§ **REQUIREMENT**
Below are some records; output exactly the lines from the line with "convex_deriv_mono[OF cv d] ." to the line with "x \<in> (\<lambda>i.", both ends kept, and nothing more.

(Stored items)

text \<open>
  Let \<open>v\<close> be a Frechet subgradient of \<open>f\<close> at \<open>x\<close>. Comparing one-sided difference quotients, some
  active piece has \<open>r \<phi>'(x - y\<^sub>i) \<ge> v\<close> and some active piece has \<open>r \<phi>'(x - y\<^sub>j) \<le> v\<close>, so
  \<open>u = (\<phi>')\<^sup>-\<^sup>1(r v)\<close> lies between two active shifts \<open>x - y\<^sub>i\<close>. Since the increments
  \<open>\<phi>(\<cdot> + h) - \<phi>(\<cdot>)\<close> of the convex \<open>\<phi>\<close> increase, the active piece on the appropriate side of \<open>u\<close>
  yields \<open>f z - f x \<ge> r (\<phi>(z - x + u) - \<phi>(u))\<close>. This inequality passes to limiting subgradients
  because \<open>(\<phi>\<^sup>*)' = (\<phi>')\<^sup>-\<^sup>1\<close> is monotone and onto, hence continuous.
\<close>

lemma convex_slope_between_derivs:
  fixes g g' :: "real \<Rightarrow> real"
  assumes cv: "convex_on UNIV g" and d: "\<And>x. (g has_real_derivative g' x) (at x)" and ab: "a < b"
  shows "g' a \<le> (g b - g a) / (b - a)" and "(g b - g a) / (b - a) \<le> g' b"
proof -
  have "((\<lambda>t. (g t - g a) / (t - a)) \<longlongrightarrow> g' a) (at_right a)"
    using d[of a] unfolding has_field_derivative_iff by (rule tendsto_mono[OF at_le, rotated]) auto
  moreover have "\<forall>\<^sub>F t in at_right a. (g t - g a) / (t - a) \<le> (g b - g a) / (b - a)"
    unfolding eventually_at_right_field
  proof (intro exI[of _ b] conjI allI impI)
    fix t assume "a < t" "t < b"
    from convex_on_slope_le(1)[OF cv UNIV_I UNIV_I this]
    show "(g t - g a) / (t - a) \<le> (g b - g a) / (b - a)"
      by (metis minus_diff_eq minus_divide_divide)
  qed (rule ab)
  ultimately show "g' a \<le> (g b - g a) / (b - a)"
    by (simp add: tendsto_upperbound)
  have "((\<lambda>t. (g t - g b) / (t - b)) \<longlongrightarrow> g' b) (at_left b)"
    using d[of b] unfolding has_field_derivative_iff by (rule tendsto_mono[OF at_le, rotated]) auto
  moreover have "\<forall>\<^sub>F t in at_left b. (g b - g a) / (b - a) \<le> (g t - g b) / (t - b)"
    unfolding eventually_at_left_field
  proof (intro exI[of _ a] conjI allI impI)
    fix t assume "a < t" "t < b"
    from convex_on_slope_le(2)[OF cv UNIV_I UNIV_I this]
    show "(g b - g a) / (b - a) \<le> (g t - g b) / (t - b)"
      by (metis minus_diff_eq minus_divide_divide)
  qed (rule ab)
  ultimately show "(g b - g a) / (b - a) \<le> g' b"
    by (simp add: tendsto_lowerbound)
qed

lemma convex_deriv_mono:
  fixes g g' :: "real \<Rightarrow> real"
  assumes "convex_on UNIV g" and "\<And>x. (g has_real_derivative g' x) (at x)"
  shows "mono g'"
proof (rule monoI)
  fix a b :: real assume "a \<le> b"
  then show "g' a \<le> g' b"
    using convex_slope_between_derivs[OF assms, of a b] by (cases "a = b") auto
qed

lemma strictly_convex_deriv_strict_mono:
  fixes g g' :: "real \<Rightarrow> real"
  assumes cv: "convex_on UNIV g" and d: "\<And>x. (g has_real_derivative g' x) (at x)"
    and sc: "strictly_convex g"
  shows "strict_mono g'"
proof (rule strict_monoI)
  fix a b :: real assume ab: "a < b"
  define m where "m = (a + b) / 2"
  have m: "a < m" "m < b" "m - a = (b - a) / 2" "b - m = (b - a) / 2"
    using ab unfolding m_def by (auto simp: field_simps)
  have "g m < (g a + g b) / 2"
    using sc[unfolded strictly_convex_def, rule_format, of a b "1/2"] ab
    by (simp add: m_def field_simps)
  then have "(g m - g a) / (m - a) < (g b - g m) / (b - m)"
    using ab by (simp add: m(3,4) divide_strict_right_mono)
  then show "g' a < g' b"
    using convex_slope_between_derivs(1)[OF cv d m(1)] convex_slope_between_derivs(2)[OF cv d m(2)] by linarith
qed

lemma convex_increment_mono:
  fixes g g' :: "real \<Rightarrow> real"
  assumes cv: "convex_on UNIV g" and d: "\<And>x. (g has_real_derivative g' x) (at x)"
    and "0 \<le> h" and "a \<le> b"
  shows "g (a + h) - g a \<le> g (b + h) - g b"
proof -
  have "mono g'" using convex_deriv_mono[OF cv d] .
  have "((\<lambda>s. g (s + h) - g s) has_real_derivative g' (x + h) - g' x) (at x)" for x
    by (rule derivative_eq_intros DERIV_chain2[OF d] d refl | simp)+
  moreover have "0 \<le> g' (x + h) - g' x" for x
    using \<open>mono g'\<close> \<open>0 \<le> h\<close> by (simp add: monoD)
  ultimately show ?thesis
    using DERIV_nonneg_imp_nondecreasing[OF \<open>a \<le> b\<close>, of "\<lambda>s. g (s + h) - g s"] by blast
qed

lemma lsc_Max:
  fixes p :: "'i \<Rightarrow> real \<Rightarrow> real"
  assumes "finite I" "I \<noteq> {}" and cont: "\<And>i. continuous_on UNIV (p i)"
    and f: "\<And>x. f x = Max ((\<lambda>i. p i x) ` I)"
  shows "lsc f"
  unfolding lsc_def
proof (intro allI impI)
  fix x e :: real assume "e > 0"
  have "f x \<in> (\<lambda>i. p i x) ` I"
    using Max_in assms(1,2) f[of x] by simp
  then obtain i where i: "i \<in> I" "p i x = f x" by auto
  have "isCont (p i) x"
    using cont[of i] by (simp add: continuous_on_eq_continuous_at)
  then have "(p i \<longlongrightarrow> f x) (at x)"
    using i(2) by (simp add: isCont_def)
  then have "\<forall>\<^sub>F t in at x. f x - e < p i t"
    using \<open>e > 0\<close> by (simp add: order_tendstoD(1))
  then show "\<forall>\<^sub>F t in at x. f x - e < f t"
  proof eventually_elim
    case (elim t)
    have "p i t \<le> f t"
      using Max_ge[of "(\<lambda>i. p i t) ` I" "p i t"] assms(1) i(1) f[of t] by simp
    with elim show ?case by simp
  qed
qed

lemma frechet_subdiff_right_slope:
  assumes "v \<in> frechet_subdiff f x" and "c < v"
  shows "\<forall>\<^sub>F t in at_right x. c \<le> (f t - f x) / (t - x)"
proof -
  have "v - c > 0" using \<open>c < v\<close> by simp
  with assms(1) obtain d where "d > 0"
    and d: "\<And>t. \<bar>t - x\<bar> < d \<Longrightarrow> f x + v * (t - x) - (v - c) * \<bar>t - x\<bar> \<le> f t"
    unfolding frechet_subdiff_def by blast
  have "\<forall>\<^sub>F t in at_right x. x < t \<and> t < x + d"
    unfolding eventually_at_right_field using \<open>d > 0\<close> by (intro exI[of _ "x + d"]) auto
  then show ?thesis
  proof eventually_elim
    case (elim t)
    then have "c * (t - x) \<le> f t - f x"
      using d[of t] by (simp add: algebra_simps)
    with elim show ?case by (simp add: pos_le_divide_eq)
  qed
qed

==

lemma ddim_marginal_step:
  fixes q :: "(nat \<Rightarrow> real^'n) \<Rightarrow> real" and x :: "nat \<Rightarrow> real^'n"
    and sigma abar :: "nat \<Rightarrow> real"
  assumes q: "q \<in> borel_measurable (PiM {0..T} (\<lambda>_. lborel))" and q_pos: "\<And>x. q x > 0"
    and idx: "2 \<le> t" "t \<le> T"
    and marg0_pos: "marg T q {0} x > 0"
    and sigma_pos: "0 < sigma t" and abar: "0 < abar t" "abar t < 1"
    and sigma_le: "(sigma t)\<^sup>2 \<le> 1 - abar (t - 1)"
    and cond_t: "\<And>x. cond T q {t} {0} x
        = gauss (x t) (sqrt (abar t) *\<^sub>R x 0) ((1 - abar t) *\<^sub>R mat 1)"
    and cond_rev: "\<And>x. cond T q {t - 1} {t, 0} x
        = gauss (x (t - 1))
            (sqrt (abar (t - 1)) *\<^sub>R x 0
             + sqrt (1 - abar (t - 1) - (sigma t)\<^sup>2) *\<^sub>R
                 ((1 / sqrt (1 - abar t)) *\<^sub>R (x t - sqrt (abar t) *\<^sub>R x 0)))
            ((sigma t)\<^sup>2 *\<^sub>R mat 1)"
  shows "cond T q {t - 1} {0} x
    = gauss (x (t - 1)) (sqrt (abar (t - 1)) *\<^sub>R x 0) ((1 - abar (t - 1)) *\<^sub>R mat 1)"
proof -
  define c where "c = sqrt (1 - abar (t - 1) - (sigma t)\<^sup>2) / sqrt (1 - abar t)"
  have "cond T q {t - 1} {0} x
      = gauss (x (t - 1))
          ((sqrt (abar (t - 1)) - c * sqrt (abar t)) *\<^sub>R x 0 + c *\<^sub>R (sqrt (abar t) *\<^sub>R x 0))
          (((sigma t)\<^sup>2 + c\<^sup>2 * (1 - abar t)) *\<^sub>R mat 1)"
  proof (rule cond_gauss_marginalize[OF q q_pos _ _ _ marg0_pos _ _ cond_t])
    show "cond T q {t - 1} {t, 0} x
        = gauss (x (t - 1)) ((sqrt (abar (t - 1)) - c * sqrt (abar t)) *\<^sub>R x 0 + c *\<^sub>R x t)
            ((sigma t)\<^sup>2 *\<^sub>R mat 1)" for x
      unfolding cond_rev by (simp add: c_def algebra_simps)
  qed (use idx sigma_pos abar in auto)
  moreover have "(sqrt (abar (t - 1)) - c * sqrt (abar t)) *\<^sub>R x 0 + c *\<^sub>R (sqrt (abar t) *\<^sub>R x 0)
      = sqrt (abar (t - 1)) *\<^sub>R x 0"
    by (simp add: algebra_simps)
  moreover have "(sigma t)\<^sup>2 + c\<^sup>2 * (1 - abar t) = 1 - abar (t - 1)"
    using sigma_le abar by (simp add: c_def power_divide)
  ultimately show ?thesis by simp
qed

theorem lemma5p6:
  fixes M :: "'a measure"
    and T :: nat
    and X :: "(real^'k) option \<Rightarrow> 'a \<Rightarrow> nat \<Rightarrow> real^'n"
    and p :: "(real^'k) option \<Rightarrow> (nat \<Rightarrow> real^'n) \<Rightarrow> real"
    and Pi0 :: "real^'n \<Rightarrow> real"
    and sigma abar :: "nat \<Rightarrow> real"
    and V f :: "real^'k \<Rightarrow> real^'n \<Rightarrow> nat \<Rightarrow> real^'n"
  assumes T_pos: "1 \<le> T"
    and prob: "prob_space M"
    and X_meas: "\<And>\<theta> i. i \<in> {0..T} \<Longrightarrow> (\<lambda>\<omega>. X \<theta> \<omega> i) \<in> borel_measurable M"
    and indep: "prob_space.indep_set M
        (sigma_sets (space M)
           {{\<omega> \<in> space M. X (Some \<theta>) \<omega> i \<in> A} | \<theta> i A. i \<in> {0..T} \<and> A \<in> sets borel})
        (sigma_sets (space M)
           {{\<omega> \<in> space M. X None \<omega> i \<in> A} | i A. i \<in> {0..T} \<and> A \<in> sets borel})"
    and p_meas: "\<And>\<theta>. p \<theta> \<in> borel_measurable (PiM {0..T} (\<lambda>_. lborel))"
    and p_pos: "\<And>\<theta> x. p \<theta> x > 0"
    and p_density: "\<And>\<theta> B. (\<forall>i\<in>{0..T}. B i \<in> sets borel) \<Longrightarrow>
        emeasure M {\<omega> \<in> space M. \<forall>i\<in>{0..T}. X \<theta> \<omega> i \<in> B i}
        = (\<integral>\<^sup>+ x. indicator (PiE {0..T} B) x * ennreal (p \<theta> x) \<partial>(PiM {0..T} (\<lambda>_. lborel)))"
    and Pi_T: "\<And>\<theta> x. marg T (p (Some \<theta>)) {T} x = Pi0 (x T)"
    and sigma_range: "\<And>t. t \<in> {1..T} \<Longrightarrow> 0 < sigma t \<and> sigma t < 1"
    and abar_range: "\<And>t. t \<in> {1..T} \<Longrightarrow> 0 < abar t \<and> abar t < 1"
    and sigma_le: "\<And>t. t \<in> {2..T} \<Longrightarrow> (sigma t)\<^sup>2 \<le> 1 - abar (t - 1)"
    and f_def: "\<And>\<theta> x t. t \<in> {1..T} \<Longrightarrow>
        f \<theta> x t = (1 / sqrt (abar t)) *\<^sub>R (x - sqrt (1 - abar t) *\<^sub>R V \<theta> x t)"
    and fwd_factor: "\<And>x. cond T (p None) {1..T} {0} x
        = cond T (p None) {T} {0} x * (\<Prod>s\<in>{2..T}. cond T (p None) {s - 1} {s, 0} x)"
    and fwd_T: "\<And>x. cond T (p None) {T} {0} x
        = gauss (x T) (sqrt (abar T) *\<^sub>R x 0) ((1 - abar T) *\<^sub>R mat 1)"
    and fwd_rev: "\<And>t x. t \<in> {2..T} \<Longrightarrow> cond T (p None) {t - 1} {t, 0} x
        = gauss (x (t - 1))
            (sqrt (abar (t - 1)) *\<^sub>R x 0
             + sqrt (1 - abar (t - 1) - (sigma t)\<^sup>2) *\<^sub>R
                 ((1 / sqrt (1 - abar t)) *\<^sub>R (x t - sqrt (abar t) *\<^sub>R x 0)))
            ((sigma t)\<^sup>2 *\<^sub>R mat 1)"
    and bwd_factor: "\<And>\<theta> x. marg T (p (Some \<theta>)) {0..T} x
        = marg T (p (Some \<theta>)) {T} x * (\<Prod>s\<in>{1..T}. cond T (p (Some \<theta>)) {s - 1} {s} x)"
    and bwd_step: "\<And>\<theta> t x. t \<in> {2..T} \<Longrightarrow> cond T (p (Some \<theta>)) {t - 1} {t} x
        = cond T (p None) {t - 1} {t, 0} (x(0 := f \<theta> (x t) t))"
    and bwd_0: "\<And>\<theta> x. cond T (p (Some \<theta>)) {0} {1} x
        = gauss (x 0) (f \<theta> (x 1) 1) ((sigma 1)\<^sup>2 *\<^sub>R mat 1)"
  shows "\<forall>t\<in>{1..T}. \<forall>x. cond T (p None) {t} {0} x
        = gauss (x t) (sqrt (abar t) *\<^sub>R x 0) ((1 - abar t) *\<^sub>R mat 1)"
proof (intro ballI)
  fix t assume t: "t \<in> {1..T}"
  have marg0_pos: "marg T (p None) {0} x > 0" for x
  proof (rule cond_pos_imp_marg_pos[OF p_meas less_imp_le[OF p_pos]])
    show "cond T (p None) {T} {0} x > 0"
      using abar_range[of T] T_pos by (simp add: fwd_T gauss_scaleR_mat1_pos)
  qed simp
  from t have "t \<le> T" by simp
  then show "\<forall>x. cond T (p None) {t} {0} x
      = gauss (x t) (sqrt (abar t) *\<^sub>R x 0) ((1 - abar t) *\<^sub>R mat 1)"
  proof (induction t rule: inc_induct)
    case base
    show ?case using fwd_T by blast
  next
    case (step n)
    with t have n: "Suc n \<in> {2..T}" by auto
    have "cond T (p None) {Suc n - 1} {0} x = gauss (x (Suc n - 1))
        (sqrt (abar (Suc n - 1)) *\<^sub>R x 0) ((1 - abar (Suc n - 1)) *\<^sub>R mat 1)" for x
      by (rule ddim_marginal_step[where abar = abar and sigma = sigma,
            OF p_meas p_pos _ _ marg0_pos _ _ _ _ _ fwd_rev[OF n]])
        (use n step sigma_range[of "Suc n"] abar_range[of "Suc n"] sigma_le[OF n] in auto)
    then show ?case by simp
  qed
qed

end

§ **RESPONSE AREA**
  have "mono g'" using convex_deriv_mono[OF cv d] .
  have "((\<lambda>s. g (s + h) - g s) has_real_derivative g' (x + h) - g' x) (at x)" for x
    by (rule derivative_eq_intros DERIV_chain2[OF d] d refl | simp)+
  moreover have "0 \<le> g' (x + h) - g' x" for x
    using \<open>mono g'\<close> \<open>0 \<le> h\<close> by (simp add: monoD)
  ultimately show ?thesis
    using DERIV_nonneg_imp_nondecreasing[OF \<open>a \<le> b\<close>, of "\<lambda>s. g (s + h) - g s"] by blast
qed

lemma lsc_Max:
  fixes p :: "'i \<Rightarrow> real \<Rightarrow> real"
  assumes "finite I" "I \<noteq> {}" and cont: "\<And>i. continuous_on UNIV (p i)"
    and f: "\<And>x. f x = Max ((\<lambda>i. p i x) ` I)"
  shows "lsc f"
  unfolding lsc_def
proof (intro allI impI)
  fix x e :: real assume "e > 0"
  have "f x \<in> (\<lambda>i. p i x) ` I"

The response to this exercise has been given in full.